WisDOT: October is 20th anniversary of state support of Hiawatha Service

For more information, contact:

Ron Adams, Chief of Railroads and Harbors

(608) 267-9284, [email protected]

Wisconsin and Illinois support has resulted in substantial ridership increases

Amtrak’s Hiawatha Service provides seven round trips a day between Milwaukee and Chicago transporting three-quarters of a million passengers a year. Trains are frequently full, but that hasn’t always been the case. Shortly after the National Railroad Passenger Corporation was created by Congress in 1970 to take over passenger rail services previously operated by private freight railroad companies, it coined the name Amtrak. Service began between Milwaukee and Chicago in May 1971 with four daily round trips. Over the years, it had as many as five and as few as two round trips a day.

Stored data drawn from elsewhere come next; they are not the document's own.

(* For every integer $\ell\ge2$ there exist two trees $T_1,T_2$ with the same number of vertices such that $D(T_1)>D(T_2)$ and $W_{2\ell}(T_1)>W_{2\ell}(T_2)$. In particular, $D(T_1)<D(T_2)$ does not in general imply $W_{2\ell}(T_1)>W_{2\ell}(T_2)$ for trees of the same order.
   Context: For a tree $T$, $D(T)=\sum_{x,y\in V(T)} d(x,y)$, where $d$ is the graph distance, and $W_m(T)$ denotes the number of closed walks of length $m$ in $T$. *)

theory Defs
  imports Main
begin

definition simple_graph :: "'a set \<Rightarrow> ('a \<Rightarrow> 'a \<Rightarrow> bool) \<Rightarrow> bool" where
  "simple_graph V E \<longleftrightarrow> finite V \<and> (\<forall>x y. E x y \<longrightarrow> x \<in> V \<and> y \<in> V)
     \<and> (\<forall>x y. E x y \<longrightarrow> E y x) \<and> (\<forall>x. \<not> E x x)"

text \<open>A walk is a nonempty vertex list with consecutive vertices adjacent;
  its length is the number of steps, i.e. length xs - 1.\<close>

definition is_walk :: "'a set \<Rightarrow> ('a \<Rightarrow> 'a \<Rightarrow> bool) \<Rightarrow> 'a list \<Rightarrow> bool" where
  "is_walk V E xs \<longleftrightarrow> xs \<noteq> [] \<and> set xs \<subseteq> V
     \<and> (\<forall>i. Suc i < length xs \<longrightarrow> E (xs ! i) (xs ! Suc i))"

definition connected_graph :: "'a set \<Rightarrow> ('a \<Rightarrow> 'a \<Rightarrow> bool) \<Rightarrow> bool" where
  "connected_graph V E \<longleftrightarrow> V \<noteq> {} \<and>
     (\<forall>x\<in>V. \<forall>y\<in>V. \<exists>xs. is_walk V E xs \<and> hd xs = x \<and> last xs = y)"

text \<open>A cycle: closed walk of length at least 3 whose vertices, apart from the
  repeated endpoint, are pairwise distinct.\<close>

definition is_cycle :: "'a set \<Rightarrow> ('a \<Rightarrow> 'a \<Rightarrow> bool) \<Rightarrow> 'a list \<Rightarrow> bool" where
  "is_cycle V E xs \<longleftrightarrow> is_walk V E xs \<and> length xs \<ge> 4 \<and> hd xs = last xs
     \<and> distinct (tl xs)"

definition is_tree :: "'a set \<Rightarrow> ('a \<Rightarrow> 'a \<Rightarrow> bool) \<Rightarrow> bool" where
  "is_tree V E \<longleftrightarrow> simple_graph V E \<and> connected_graph V E \<and> (\<nexists>xs. is_cycle V E xs)"

definition dist :: "'a set \<Rightarrow> ('a \<Rightarrow> 'a \<Rightarrow> bool) \<Rightarrow> 'a \<Rightarrow> 'a \<Rightarrow> nat" where
  "dist V E x y = (LEAST n. \<exists>xs. is_walk V E xs \<and> hd xs = x \<and> last xs = y \<and> length xs = Suc n)"

text \<open>D(T) = sum over all (ordered) pairs x, y of vertices of d(x,y).\<close>

definition total_dist :: "'a set \<Rightarrow> ('a \<Rightarrow> 'a \<Rightarrow> bool) \<Rightarrow> nat" where
  "total_dist V E = (\<Sum>x\<in>V. \<Sum>y\<in>V. dist V E x y)"

definition closed_walks :: "nat \<Rightarrow> 'a set \<Rightarrow> ('a \<Rightarrow> 'a \<Rightarrow> bool) \<Rightarrow> nat" where
  "closed_walks m V E = card {xs. is_walk V E xs \<and> length xs = Suc m \<and> hd xs = last xs}"

end

theory Submission imports Defs begin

But in October 1989, the states of Wisconsin and Illinois began to provide financial support for the passenger rail service, bringing base service up to five round trips a day. During the first year of the state-supported service, ridership totaled 295,448.

As ridership increased over the years, the two states eventually agreed to sponsor a total of seven round trips, which is the current service level. Last year, Hiawatha ridership totaled 766,167. That increased ridership resulted in the Wisconsin Legislature authorizing the addition of a passenger rail car to the train set to reduce the number of times when there is standing room only.

“We’re extremely pleased with the results we’ve seen by providing the service,” Ron Adams, chief of Railroads and Harbors with the Wisconsin Department of Transportation said. “More people are coming to realize the convenience of taking the train between Milwaukee and Chicago. They don’t have to deal with traffic congestion and steep parking rates and can relax and know they’ll be where they need to be on time. Businesspeople use the time to work on their presentations and leisure travelers can read a book or simply enjoy the scenery.”

Wisconsin and Illinois continue to support the Hiawatha Service, sharing the costs 75/25-percent. Most of the Hiawatha line is in Wisconsin. Wisconsin has also committed to purchase two new train sets to replace the fleet of Amtrak passenger cars to enhance service. Each of the new train sets will consist of 14 cars with a capacity of 420 passengers. The new trains should be in operation within two years.

WisDOT is seeking funding under the American Recovery and Reinvestment Act to improve passenger rail service in Wisconsin. The department is seeking $12.4 million dollars to install crossovers in Kenosha County and to extend the platform at the Milwaukee Airport Rail Station to improve the Hiawatha service. It has also applied for funds to develop a $651.8 million extension of the service to Madison, with stops in Brookfield, Oconomowoc, and Watertown. If the application is approved, that service could start as early as 2013.